LaMalfa continued with anecdotes and rants against President Obama that had the audience nodding along.

Following his speech, LaMalfa took questions. Questions about all the “communist professors” at Butte College. Questions regarding Bill Ayers and his education program “Common Core,” a suspected indoctrination program affecting every kid in America. LaMalfa had a staffer take down the name of the program to investigate further.

But the most bizarre questions came regarding Agenda 21, a non-binding U.N. document from the early 1990s calling on its signatories to try to take care of the Earth. It is a feel-good ecotopian John Lennon song embedded in a government document. It has no requirements of any member nation to take any specific action by any specific deadline.

To some folks, however, Agenda 21 is the new “specter that hangs over Europe,” a new green Communist Manifesto. Karl Marx reborn in hemp T-shirts and Birkenstocks.

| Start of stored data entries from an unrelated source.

(*
  Let n_i be the number of vertices of degree i. Counting vertices, degrees (a tree has n - 1
  edges) and branching vertices gives n_1 + n_2 + n_3 + n_4 = n,
  n_1 + 2 n_2 + 3 n_3 + 4 n_4 = 2n - 2 and n_3 + n_4 = b. So the degree sequence is determined
  by k = n_4: n_1 = b + k + 2, n_2 = n - 2b - k - 2, n_3 = b - k, and M_1 = 2(2n + b - 3) + 4k.
  Hence M_1 is maximal exactly when k attains its largest admissible value min(b, n - 2b - 2),
  which is b if 3b + 2 < n and n - 2b - 2 otherwise.
*)

theory Submission
  imports Defs
begin

lemma adj_sym: "adj E u v \<Longrightarrow> adj E v u"
  by (simp add: adj_def insert_commute)

lemma connected_in_sym: "connected_in E u v \<Longrightarrow> connected_in E v u"
  unfolding connected_in_def by (metis adj_sym sympD sympI symp_rtranclp)

lemma connected_in_trans:
  "connected_in E u v \<Longrightarrow> connected_in E v w \<Longrightarrow> connected_in E u w"
  unfolding connected_in_def by (meson rtranclp_trans)

lemma connected_in_mono: "E \<subseteq> F \<Longrightarrow> connected_in E u v \<Longrightarrow> connected_in F u v"
  unfolding connected_in_def by (metis (no_types, lifting) adj_def in_mono mono_rtranclp)

lemma connected_in_edge: "connected_in E u w \<Longrightarrow> {w, x} \<in> E \<Longrightarrow> connected_in E u x"
  unfolding connected_in_def adj_def by (simp add: rtranclp.rtrancl_into_rtrancl)

lemma acyclic_graph_subset: "acyclic_graph F \<Longrightarrow> G \<subseteq> F \<Longrightarrow> acyclic_graph G"
  unfolding acyclic_graph_def by (meson Diff_mono connected_in_mono order_refl subset_iff)

lemma simple_graph_finite_edges: "simple_graph V E \<Longrightarrow> finite E"
  unfolding simple_graph_def by (meson Pow_iff finite_Pow_iff finite_subset subsetI)

lemma connected_in_delete_edge:
  assumes "connected_in E u w" "{u, v} \<in> E"
  shows "connected_in (E - {{u, v}}) u w \<or> connected_in (E - {{u, v}}) v w"
  using assms(1) unfolding connected_in_def
proof (induction rule: rtranclp_induct)
  case (step w x)
  show ?case
  proof (cases "{w, x} = {u, v}")
    case True
    then have "x = u \<or> x = v" by (metis doubleton_eq_iff)
    then show ?thesis by auto
  next
    case False
    then have "{w, x} \<in> E - {{u, v}}" using step(2) by (auto simp: adj_def)
    then show ?thesis using step(3) connected_in_edge unfolding connected_in_def by metis
  qed
qed simp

Tea Party groups across the country are all aflutter with this paranoid conspiracy theory, with films and books circulated.

LaMalfa relayed grave concerns regarding Agenda 21. He sees it “creeping into local government,” adding it is “creeping in all the time.” He went on to state that Agenda 21 is the inspiration for the “removal of dams, high-speed rail and local county planning.” Really?

Afterward, I caught LaMalfa’s eye and read him my notes. I asked if he stood by his allegations that Agenda 21 “is creeping into local government” and that “dam removal, high-speed rail and local county planning” are results of Agenda 21.

“Yes,” he stated calmly, looking me directly in the eye. A short simple clear answer. No wiggling away from his statement. Wow!

Amazed that he would admit such, I then asked LaMalfa if he believed the United Nations was behind Butte County’s new general plan. “Well, maybe not the Butte County plan,” he conceded.